(Collected data)
----------

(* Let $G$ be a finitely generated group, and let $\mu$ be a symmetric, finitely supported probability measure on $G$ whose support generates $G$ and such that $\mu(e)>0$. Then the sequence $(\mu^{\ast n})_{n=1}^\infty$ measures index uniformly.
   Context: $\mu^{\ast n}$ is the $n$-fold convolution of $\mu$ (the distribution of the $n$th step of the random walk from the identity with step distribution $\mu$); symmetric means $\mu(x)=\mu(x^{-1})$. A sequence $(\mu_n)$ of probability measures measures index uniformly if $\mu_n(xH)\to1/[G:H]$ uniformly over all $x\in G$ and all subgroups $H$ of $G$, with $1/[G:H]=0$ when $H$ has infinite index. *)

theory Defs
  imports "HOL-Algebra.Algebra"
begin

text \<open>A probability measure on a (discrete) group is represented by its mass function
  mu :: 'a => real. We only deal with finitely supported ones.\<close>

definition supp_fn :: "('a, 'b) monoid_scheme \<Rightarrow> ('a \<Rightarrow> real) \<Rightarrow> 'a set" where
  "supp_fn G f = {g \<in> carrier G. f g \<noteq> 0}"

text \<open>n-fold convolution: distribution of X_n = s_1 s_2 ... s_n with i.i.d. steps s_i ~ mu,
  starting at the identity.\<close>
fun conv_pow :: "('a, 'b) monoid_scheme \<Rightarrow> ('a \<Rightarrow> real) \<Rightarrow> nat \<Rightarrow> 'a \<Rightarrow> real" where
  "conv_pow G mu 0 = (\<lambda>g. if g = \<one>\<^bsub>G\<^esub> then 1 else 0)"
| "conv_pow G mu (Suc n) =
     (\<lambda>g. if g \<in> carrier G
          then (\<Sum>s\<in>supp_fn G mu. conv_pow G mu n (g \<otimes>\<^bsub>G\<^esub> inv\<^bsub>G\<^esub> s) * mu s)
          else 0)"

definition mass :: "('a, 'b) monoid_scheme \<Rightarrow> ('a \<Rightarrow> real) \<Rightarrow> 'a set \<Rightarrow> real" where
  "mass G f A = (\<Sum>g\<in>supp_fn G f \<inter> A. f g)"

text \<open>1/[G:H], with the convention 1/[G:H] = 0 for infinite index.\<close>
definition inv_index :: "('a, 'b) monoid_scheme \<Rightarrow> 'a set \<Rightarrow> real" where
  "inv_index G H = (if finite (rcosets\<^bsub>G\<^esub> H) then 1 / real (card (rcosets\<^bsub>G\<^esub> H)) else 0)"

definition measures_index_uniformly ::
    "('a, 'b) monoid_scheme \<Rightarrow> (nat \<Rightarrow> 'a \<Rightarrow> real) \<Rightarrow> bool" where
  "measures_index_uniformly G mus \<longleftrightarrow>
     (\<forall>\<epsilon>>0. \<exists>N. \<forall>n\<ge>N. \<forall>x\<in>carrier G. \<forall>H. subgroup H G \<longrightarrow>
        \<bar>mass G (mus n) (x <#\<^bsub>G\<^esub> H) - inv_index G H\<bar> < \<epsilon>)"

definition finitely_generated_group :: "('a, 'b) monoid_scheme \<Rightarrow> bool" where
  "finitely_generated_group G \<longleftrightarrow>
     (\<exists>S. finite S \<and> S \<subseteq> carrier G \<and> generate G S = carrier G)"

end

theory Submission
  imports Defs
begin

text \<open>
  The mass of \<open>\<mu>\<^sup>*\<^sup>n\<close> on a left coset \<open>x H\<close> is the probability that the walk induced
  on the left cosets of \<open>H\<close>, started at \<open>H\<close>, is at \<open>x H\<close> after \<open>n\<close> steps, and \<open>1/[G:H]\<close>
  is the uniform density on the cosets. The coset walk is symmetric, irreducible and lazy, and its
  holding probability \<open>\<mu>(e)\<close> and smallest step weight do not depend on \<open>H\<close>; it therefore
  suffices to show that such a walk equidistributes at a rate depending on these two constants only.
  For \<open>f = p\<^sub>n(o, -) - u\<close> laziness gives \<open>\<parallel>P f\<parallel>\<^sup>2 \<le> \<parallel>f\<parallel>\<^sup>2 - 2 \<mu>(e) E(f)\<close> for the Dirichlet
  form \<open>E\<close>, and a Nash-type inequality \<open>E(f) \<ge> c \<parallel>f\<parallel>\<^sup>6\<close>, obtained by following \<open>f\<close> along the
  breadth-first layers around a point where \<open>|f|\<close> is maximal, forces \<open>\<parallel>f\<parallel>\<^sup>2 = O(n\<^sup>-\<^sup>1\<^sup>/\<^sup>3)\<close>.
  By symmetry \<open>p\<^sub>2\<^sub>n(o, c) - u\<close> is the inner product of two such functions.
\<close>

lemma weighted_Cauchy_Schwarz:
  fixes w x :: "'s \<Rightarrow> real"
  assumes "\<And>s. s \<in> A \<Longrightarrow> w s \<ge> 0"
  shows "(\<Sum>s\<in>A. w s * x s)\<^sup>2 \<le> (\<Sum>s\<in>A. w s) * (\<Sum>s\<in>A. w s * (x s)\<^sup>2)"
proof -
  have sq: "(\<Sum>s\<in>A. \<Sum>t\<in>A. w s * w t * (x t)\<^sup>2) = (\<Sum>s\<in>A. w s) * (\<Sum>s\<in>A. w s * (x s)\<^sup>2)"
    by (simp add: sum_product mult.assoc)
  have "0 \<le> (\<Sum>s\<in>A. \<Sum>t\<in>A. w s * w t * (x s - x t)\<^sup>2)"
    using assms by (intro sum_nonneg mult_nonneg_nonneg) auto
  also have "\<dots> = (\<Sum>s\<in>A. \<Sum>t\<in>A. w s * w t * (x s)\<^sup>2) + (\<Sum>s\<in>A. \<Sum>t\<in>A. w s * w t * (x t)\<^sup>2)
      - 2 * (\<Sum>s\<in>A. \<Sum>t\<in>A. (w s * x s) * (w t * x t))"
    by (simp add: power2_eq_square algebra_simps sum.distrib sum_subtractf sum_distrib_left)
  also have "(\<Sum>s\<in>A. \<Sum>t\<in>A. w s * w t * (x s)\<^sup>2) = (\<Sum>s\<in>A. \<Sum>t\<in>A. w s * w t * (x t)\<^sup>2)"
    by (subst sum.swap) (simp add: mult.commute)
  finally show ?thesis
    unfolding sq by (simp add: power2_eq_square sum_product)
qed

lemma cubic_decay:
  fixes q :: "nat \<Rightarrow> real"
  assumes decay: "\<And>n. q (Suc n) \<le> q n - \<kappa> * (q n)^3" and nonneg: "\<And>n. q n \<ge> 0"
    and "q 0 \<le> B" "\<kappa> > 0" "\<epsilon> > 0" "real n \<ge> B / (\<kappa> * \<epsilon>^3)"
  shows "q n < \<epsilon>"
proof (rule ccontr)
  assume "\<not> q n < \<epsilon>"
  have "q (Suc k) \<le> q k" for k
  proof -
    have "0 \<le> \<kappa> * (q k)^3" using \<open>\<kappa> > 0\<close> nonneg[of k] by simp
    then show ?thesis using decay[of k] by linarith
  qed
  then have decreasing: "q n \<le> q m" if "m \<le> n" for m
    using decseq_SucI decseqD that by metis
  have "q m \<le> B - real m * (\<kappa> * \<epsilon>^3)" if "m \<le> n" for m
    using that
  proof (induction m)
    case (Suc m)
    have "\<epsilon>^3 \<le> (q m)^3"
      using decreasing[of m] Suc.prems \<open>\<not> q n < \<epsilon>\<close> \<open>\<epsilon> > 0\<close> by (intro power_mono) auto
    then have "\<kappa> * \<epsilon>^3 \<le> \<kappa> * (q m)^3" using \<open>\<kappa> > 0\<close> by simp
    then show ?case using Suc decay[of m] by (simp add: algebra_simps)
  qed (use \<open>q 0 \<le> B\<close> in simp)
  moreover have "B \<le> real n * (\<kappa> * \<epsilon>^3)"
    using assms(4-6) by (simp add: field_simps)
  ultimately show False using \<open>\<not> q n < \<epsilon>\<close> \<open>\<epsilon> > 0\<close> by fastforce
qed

----------

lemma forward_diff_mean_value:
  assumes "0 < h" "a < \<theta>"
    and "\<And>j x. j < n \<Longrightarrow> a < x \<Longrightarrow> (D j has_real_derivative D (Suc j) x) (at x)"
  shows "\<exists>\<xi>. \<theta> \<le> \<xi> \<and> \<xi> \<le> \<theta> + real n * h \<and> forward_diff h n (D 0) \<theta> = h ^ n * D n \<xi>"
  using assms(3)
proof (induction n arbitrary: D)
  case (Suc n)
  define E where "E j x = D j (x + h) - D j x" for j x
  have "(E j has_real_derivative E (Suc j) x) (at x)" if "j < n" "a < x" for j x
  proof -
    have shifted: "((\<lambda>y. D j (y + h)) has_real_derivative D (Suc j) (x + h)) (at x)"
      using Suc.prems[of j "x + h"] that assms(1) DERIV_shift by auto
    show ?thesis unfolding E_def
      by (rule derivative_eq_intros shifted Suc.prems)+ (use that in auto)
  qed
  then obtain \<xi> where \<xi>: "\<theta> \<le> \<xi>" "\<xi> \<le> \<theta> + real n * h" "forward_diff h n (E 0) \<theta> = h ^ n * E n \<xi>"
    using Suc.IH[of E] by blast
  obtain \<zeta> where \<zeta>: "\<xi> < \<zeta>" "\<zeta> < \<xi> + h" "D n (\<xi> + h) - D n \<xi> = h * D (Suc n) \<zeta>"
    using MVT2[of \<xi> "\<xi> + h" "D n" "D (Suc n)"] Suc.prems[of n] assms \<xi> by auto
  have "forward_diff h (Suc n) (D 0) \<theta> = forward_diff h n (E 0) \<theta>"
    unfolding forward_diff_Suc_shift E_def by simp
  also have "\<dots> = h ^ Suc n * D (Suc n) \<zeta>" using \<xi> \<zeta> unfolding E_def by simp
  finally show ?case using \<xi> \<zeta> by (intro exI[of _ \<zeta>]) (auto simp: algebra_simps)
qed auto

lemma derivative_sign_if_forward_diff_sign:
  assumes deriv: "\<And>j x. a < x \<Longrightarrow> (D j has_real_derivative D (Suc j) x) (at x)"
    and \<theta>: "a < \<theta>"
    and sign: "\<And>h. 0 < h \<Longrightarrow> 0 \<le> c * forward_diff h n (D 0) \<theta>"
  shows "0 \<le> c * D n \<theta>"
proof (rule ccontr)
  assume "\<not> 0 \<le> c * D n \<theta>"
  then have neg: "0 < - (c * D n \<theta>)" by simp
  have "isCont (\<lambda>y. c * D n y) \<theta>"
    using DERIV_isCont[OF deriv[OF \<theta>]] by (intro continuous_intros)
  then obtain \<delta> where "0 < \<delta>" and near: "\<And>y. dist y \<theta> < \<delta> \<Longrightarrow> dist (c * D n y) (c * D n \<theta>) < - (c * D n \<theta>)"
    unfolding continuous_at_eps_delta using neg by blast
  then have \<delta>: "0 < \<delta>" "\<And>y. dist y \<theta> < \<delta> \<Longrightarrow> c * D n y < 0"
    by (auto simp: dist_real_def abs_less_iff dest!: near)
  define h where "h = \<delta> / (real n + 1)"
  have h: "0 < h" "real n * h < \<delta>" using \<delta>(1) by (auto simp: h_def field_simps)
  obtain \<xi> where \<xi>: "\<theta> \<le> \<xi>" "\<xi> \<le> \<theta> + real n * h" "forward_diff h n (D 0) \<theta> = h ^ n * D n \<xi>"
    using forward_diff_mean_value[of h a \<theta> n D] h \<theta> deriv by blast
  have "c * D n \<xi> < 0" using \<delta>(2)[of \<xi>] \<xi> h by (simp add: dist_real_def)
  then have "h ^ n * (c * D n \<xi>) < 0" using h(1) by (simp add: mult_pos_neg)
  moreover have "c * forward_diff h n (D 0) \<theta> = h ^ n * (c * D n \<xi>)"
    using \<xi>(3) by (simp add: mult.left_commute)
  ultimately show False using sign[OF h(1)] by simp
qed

----------

The answer must consist of every line from the entries above that contains "blast".

■ **Written solution**:
    using Suc.IH[of E] by blast
    unfolding continuous_at_eps_delta using neg by blast
    using forward_diff_mean_value[of h a \<theta> n D] h \<theta> deriv by blast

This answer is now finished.